■ **What to work on**
Your answer should be every line of the entries that has the string "restr" in it.

■ **Stored items**
(* Let $\mathcal F\subseteq 2^{[n]}\setminus\{\emptyset\}$ be a hypergraph which is connected on $[n]$, and let $\widehat{\mathcal F}$ be its building closure. Then $\mathcal F$ is tight if and only if for every $X\in\widehat{\mathcal F}\setminus\{[n]\}$: (1) $\mathcal F_X$ is connected as a hypergraph on $X$, and (2) $\mathcal F^X$ is connected as a hypergraph on $[n]\setminus X$. Moreover condition (1) holds automatically for every $X\in\widehat{\mathcal F}$.
   Context: A building set on $[n]$ is a family $\mathcal B$ of nonempty subsets of $[n]$ containing all singletons and such that $I,J\in\mathcal B$, $I\cap J\neq\emptyset$ imply $I\cup J\in\mathcal B$. The building closure $\widehat{\mathcal F}$ of a hypergraph $\mathcal F$ is the unique minimal building set containing $\mathcal F$. For $X\subseteq[n]$: $\mathcal F_X=\{F\in\mathcal F:F\subseteq X\}$ and $\mathcal F^X=\{F\setminus X: F\in\mathcal F, F\setminus X\neq\emptyset\}$. A hypergraph $\mathcal H$ on a vertex set $S$ is connected if for any $x,y\in S$ there is a sequence $x=z_1,\dots,z_k=y$ in $S$ with each $\{z_i,z_{i+1}\}$ contained in some member of $\mathcal H$. For $F\subseteq[n]$ let $\Delta_F=\mathrm{Conv}\{e_i:i\in F\}$ and $\Delta_{\mathcal F}=\sum_{F\in\mathcal F}\Delta_F$ (Minkowski sum). Writing $\phi_X(x)=\sum_{i\in X}x_i$, one has (known result) $\Delta_{\mathcal F}=\{x\in\mathbb{R}^n:\phi_{[n]}(x)=|\mathcal F|,\ \phi_X(x)\ge|\mathcal F_X| \text{ for all } X\in\widehat{\mathcal F}\}$. $\mathcal F$ is called tight (an irredundant basis of $\widehat{\mathcal F}$) if every inequality $\phi_X(x)\ge|\mathcal F_X|$, $X\in\widehat{\mathcal F}\setminus\{[n]\}$, in this description is irredundant (facet-defining). *)

theory Defs
  imports "HOL-Analysis.Analysis"
begin

text \<open>Ground set [n] is modelled as the universe of a finite type 'n; points of R^n are real^'n.\<close>

definition building_set :: "'n set set \<Rightarrow> bool" where
  "building_set B \<longleftrightarrow> {} \<notin> B \<and> (\<forall>i. {i} \<in> B) \<and>
     (\<forall>I\<in>B. \<forall>J\<in>B. I \<inter> J \<noteq> {} \<longrightarrow> I \<union> J \<in> B)"

definition building_closure :: "'n set set \<Rightarrow> 'n set set" where
  "building_closure F = \<Inter> {B. building_set B \<and> F \<subseteq> B}"

definition restr :: "'n set set \<Rightarrow> 'n set \<Rightarrow> 'n set set" where
  "restr F X = {A \<in> F. A \<subseteq> X}"

definition contr :: "'n set set \<Rightarrow> 'n set \<Rightarrow> 'n set set" where
  "contr F X = {A - X | A. A \<in> F \<and> A - X \<noteq> {}}"

definition hconnected :: "'a set \<Rightarrow> 'a set set \<Rightarrow> bool" where
  "hconnected S H \<longleftrightarrow> (\<forall>x\<in>S. \<forall>y\<in>S.
     (\<lambda>a b. a \<in> S \<and> b \<in> S \<and> (\<exists>E\<in>H. a \<in> E \<and> b \<in> E))\<^sup>*\<^sup>* x y)"

definition simplex_of :: "'n::finite set \<Rightarrow> (real^'n) set" where
  "simplex_of A = convex hull {axis i 1 | i. i \<in> A}"

definition hpoly :: "'n::finite set set \<Rightarrow> (real^'n) set" where
  "hpoly F = {(\<Sum>A\<in>F. p A) | p. \<forall>A\<in>F. p A \<in> simplex_of A}"

definition phi :: "'n::finite set \<Rightarrow> real^'n \<Rightarrow> real" where
  "phi X x = (\<Sum>i\<in>X. x $ i)"

definition tight :: "'n::finite set set \<Rightarrow> bool" where
  "tight F \<longleftrightarrow> (\<forall>X \<in> building_closure F - {UNIV}.
     {x \<in> hpoly F. phi X x = real (card (restr F X))} facet_of hpoly F)"

end

theory Submission
  imports Defs
begin

text \<open>
  A point of the face \<open>\<phi>\<^sub>X = |F\<^sub>X|\<close> of \<open>\<Delta>\<^sub>F\<close> is a sum of points \<open>p\<^sub>A \<in> \<Delta>\<^sub>A\<close> in which \<open>p\<^sub>A\<close> is
  supported on \<open>A\<close> if \<open>A \<subseteq> X\<close> and on \<open>A - X\<close> otherwise; these traces are exactly the members
  of \<open>F\<^sub>X\<close> and \<open>F\<^sup>X\<close>. Hence \<open>\<phi>\<^sub>C\<close> is constant on the face for every \<open>C\<close> that no trace crosses, and
  a disconnection of \<open>F\<^sub>X\<close> or \<open>F\<^sup>X\<close> yields three disjoint such sets, so the face has
  codimension at least 3 in \<open>\<real>\<^sup>n\<close>. Conversely, moving the vertex chosen in one \<open>\<Delta>\<^sub>A\<close> from
  \<open>e\<^sub>j\<close> to \<open>e\<^sub>i\<close> stays in the face and moves by \<open>e\<^sub>i - e\<^sub>j\<close>; along connecting paths these
  directions span everything orthogonal to the indicator vectors of \<open>X\<close> and its complement, so
  the face has codimension exactly 2 when both hypergraphs are connected, while \<open>\<Delta>\<^sub>F\<close> itself
  has codimension 1. Condition (1) holds on the building closure because connectedness on two
  overlapping sets yields connectedness on their union.
\<close>

section \<open>Coordinate sums and probability vectors\<close>

lemma phi_inner: "phi C x = (\<chi> i. of_bool (i \<in> C)) \<bullet> x"
  unfolding phi_def inner_vec_def by (simp add: sum.If_cases if_distrib cong: if_cong)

■ **Task solution**
definition restr :: "'n set set \<Rightarrow> 'n set \<Rightarrow> 'n set set" where
  "restr F X = {A \<in> F. A \<subseteq> X}"
     {x \<in> hpoly F. phi X x = real (card (restr F X))} facet_of hpoly F)"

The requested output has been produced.